Fifth Grader Isaiah Hyun Shoots Hoops to Fund a Cancer Cure

September 6, 2016 | by Michael Easterling



Isaiah Hyun recently started back to school at Arroyo Vista Elementary in South Pasadena, California, ready to take on the world. Now a fifth grader, he is motivated to “do good,” not only in class, but for others as well.

When it came time to select a community service project as part of his classwork, Isaiah knew what he wanted to do: Raise money for cancer research at City of Hope. He used his skill on the basketball court as his platform, committing to eight free throws in a row to “Dunk on Cancer.”

"I wanted to help cancer victims because my family has experienced it,” says Isaiah, age 10. “My Auntie Caroline was diagnosed with cancer, and I felt sad because I thought my cousins would not experience having a mother to comfort them when it is hard in the world. Mothers are a big importance (sic) in a child’s life.” Caroline’s cancer is currently in remission.

Isaiah was also touched by a story of an 8-year-old girl who succumbed to brain cancer. “That’s why I chose eight free throws to shoot,” he explains. “For her. Those are the important reasons why I chose to support cancer research at City of Hope.” He told his dad he would like to specifically direct donations to research for pediatric cancers.

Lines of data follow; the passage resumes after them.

lemma second_moment: "4^n * (\<Sum>C\<in>clifford_mod_phase n. (conj_diag x (class_rep C) \<rho>)^2)
   = of_nat (card (clifford_mod_phase n)) * (pauli_coord n \<rho> (replicate n pauliI))^2
     + of_nat (card (clifford_mod_phase n)) / (2^n + 1)
       * ((\<Sum>P\<in>pauli_words n. (pauli_coord n \<rho> P)^2) - (pauli_coord n \<rho> (replicate n pauliI))^2)"
proof -
  let ?m = "of_nat (card (clifford_mod_phase n)) :: complex"
  let ?I = "replicate n pauliI" and ?R = "pauli_words n - {replicate n pauliI}"
  have split: "(\<Sum>P\<in>pauli_words n. f P) = f ?I + (\<Sum>P\<in>?R. f P)" for f :: "complex mat list \<Rightarrow> complex"
    using sum.remove[OF finite_pauli_words identity_pauli_word] by simp
  have "4^n * (\<Sum>C\<in>clifford_mod_phase n. (conj_diag x (class_rep C) \<rho>)^2)
      = (pauli_coord n \<rho> ?I)^2 * pauli_weight ?I + (\<Sum>P\<in>?R. (pauli_coord n \<rho> P)^2 * pauli_weight P)"
    using second_moment_expand split by simp
  also have "(\<Sum>P\<in>?R. (pauli_coord n \<rho> P)^2 * pauli_weight P) = ?m / (2^n + 1) * (\<Sum>P\<in>?R. (pauli_coord n \<rho> P)^2)"
    by (simp add: pauli_weight_non_identity sum_distrib_left ac_simps)
  finally show ?thesis
    using split[of "\<lambda>P. (pauli_coord n \<rho> P)^2"] pauli_weight_identity by (simp add: ac_simps)
qed
lemma set_path_subset: "is_path E u v p \<Longrightarrow> set p \<subseteq> insert u V"
proof -
  assume p: "is_path E u v p"
  then have "p = u # tl p" "path_edges p \<subseteq> E" unfolding is_path_def by auto
  then show ?thesis using set_subset_path_edges[of u "tl p"] edge_subset_V by auto
qed

lemma finite_paths: "finite {p. is_path E u v p}"
proof (rule finite_subset)
  have fin: "finite (insert u V)" using simple unfolding simple_graph_def by simp
  show "{p. is_path E u v p} \<subseteq> {p. set p \<subseteq> insert u V \<and> length p \<le> card (insert u V)}"
  proof clarify
    fix p assume p: "is_path E u v p"
    then have "set p \<subseteq> insert u V" by (rule set_path_subset)
    moreover have "length p = card (set p)" using p unfolding is_path_def by (simp add: distinct_card)
    ultimately show "set p \<subseteq> insert u V \<and> length p \<le> card (insert u V)"
      using card_mono[OF fin] by auto
  qed
  show "finite {p. set p \<subseteq> insert u V \<and> length p \<le> card (insert u V)}"
    using finite_lists_length_le[OF fin] by simp
qed

lemma dist_le: "is_path E u v p \<Longrightarrow> d u v \<le> path_len w p"
  unfolding dist_def
proof (rule cInf_lower)
  show "bdd_below {path_len w p |p. is_path E u v p}"
    by (intro bdd_belowI[of _ 0]) (use path_len_nonneg path_weights_pos in blast)
qed blast

lemma ex_shortest_path: "is_path E u v p \<Longrightarrow> \<exists>q. shortest_path E w u v q"
proof -
  assume "is_path E u v p"
  let ?L = "{path_len w q | q. is_path E u v q}"
  have ne: "?L \<noteq> {}" using \<open>is_path E u v p\<close> by blast
  have fin: "finite ?L" using finite_paths by (simp add: setcompr_eq_image)
  have "Inf ?L \<in> ?L" using cInf_eq_Min[OF fin ne] Min_in[OF fin ne] by simp
  then show ?thesis unfolding shortest_path_def dist_def by auto
qed

lemma ex_shortest_path_V: "u \<in> V \<Longrightarrow> v \<in> V \<Longrightarrow> \<exists>q. shortest_path E w u v q"
  using connected ex_shortest_path unfolding connected_graph_def by blast

lemma dist_le_path_len_add:
  assumes p: "is_path E u a p" and q: "is_path E a v q"
  shows "d u v \<le> path_len w p + path_len w q"
proof -
  have "set p \<inter> set q \<noteq> {}" using is_path_hd_last[OF p] is_path_hd_last[OF q] by blast
  then obtain i j where ij: "i < length p" "j < length q"
    "is_path E u v (take (Suc i) p @ tl (drop j q))"
    "path_len w (take (Suc i) p @ tl (drop j q)) = path_len w (take (Suc i) p) + path_len w (drop j q)"
    by (rule is_path_join[OF p q, where w = w]) blast
  have "path_len w (take (Suc i) p) \<le> path_len w p"
    using path_len_take_le[OF path_weights_pos[OF p] ij(1)] .
  moreover have "path_len w (drop j q) \<le> path_len w q"
    using path_len_drop_le[OF path_weights_pos[OF q] ij(2)] .
  ultimately show ?thesis using dist_le[OF ij(3)] ij(4) by linarith
qed

lemma shortest_path_split:
  assumes p: "shortest_path E w u v p" and k: "k < length p"
  shows "shortest_path E w u (p ! k) (take (Suc k) p)" and "shortest_path E w (p ! k) v (drop k p)"
proof -
  have pp: "is_path E u v p" "path_len w p = d u v" using p unfolding shortest_path_def by auto
  have take: "is_path E u (p ! k) (take (Suc k) p)" and drop: "is_path E (p ! k) v (drop k p)"
    using is_path_take[OF pp(1) k] is_path_drop[OF pp(1) k] .
  obtain P where P: "is_path E u (p ! k) P" "path_len w P = d u (p ! k)"
    using ex_shortest_path[OF take] unfolding shortest_path_def by blast
  obtain Q where Q: "is_path E (p ! k) v Q" "path_len w Q = d (p ! k) v"
    using ex_shortest_path[OF drop] unfolding shortest_path_def by blast
  have "d u v \<le> d u (p ! k) + path_len w (drop k p)"
    using dist_le_path_len_add[OF P(1) drop] P(2) by simp
  moreover have "d u v \<le> path_len w (take (Suc k) p) + d (p ! k) v"
    using dist_le_path_len_add[OF take Q(1)] Q(2) by simp
  moreover have "path_len w p = path_len w (take (Suc k) p) + path_len w (drop k p)"
    using path_len_take_drop[OF k] .
  ultimately have "path_len w (take (Suc k) p) = d u (p ! k)" "path_len w (drop k p) = d (p ! k) v"
    using dist_le[OF take] dist_le[OF drop] pp(2) by linarith+
  then show "shortest_path E w u (p ! k) (take (Suc k) p)"
    and "shortest_path E w (p ! k) v (drop k p)"
    using take drop unfolding shortest_path_def by simp_all
qed

lemma dist_pos:
  assumes p: "is_path E u v p" and "u \<noteq> v"
  shows "0 < d u v"
proof -
  obtain q where q: "is_path E u v q" "path_len w q = d u v"
    using ex_shortest_path[OF p] unfolding shortest_path_def by blast
  have "q \<noteq> []" "hd q \<noteq> last q" using q(1) \<open>u \<noteq> v\<close> unfolding is_path_def by auto
  then have "2 \<le> length q" by (cases q rule: remdups_adj.cases) auto
  then show ?thesis using path_len_pos[OF path_weights_pos[OF q(1)]] q(2) by simp
qed

lemma shortest_path_dist_add:
  assumes p: "shortest_path E w u v p" and z: "z \<in> set p"
  shows "d u z + d z v = d u v"
proof -
  obtain k where k: "k < length p" "p ! k = z" using z by (auto simp: in_set_conv_nth)
  show ?thesis
    using shortest_path_split[OF p k(1)] path_len_take_drop[OF k(1), of w] p k(2)
    unfolding shortest_path_def by simp
qed

lemma shortest_path_dist_less:
  assumes p: "shortest_path E w u v p" and z: "z \<in> set p" "z \<noteq> v"
  shows "d u z < d u v"
proof -
  obtain k where k: "k < length p" "p ! k = z" using z(1) by (auto simp: in_set_conv_nth)
  have "is_path E z v (drop k p)" using is_path_drop[of E u v p k] p k unfolding shortest_path_def by simp
  then show ?thesis using dist_pos z(2) shortest_path_dist_add[OF p z(1)] by fastforce
qed

abbreviation E_D :: "'a set set" where "E_D \<equiv> ED E w s t"

definition V_D :: "'a set" where "V_D = \<Union> {set p | p. shortest_path E w s t p}"

abbreviation R :: "'a set set" where "R \<equiv> T - E_D"

definition R_conn :: "'a \<Rightarrow> 'a \<Rightarrow> bool" where "R_conn a b \<longleftrightarrow> (\<exists>p. is_path R a b p)"

lemma in_V_D_iff: "v \<in> V_D \<longleftrightarrow> (\<exists>p. shortest_path E w s t p \<and> v \<in> set p)"
  unfolding V_D_def by blast

lemma V_D_subset_V: "V_D \<subseteq> V"
proof
  fix v assume "v \<in> V_D"
  then obtain p where "is_path E s t p" "v \<in> set p" unfolding in_V_D_iff shortest_path_def by blast
  then show "v \<in> V" using set_path_subset s_in_V by blast
qed

lemma s_in_V_D: "s \<in> V_D" and t_in_V_D: "t \<in> V_D"
proof -
  obtain p where p: "shortest_path E w s t p" using ex_shortest_path_V[OF s_in_V t_in_V] ..
  then have "s \<in> set p \<and> t \<in> set p" using is_path_hd_last unfolding shortest_path_def by metis
  then show "s \<in> V_D" "t \<in> V_D" using p unfolding in_V_D_iff by blast+
qed

lemma E_D_subset_V_D: "e \<in> E_D \<Longrightarrow> e \<subseteq> V_D"
proof
  fix a assume "e \<in> E_D" "a \<in> e"
  then obtain p where p: "shortest_path E w s t p" "e \<in> path_edges p" unfolding ED_def by auto
  then obtain k where "Suc k < length p" "e = {p ! k, p ! Suc k}" by (elim path_edgesE)
  then have "a \<in> set p" using \<open>a \<in> e\<close> by (auto simp: nth_mem)
  then show "a \<in> V_D" using p(1) unfolding in_V_D_iff by blast
qed

lemma V_D_dist: "v \<in> V_D \<Longrightarrow> d s v + d v t = d s t"
  unfolding in_V_D_iff using shortest_path_dist_add by blast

Hyun’s father, Stephen, helped his son organize the grassroots fundraiser, including creating a donation pledge page on Facebook. “We are so proud of Isaiah, of his project, and mostly proud of his generous heart,” he says.

Friends, family, teachers and classmates supported his cause and watched him make the hoop shots one by one, with a single-minded focus to give cancer the slam-dunk it deserves.

“I had a lot of stress at the beginning, because I thought I wouldn’t make all the shots,” Isaiah says. “But I am grateful because I helped kids sick with cancer.” 

For a young boy who is still figuring out fractions, Isaiah managed to generate $1,471.25 from shooting hoops. He proudly presented his check, made out to “City of Hope,” in front of the Spirit of Life® fountain of the Duarte campus. He wants to raise even more next time, he says.

“This is one of the biggest and meaningfulest (sic) projects I have ever done.”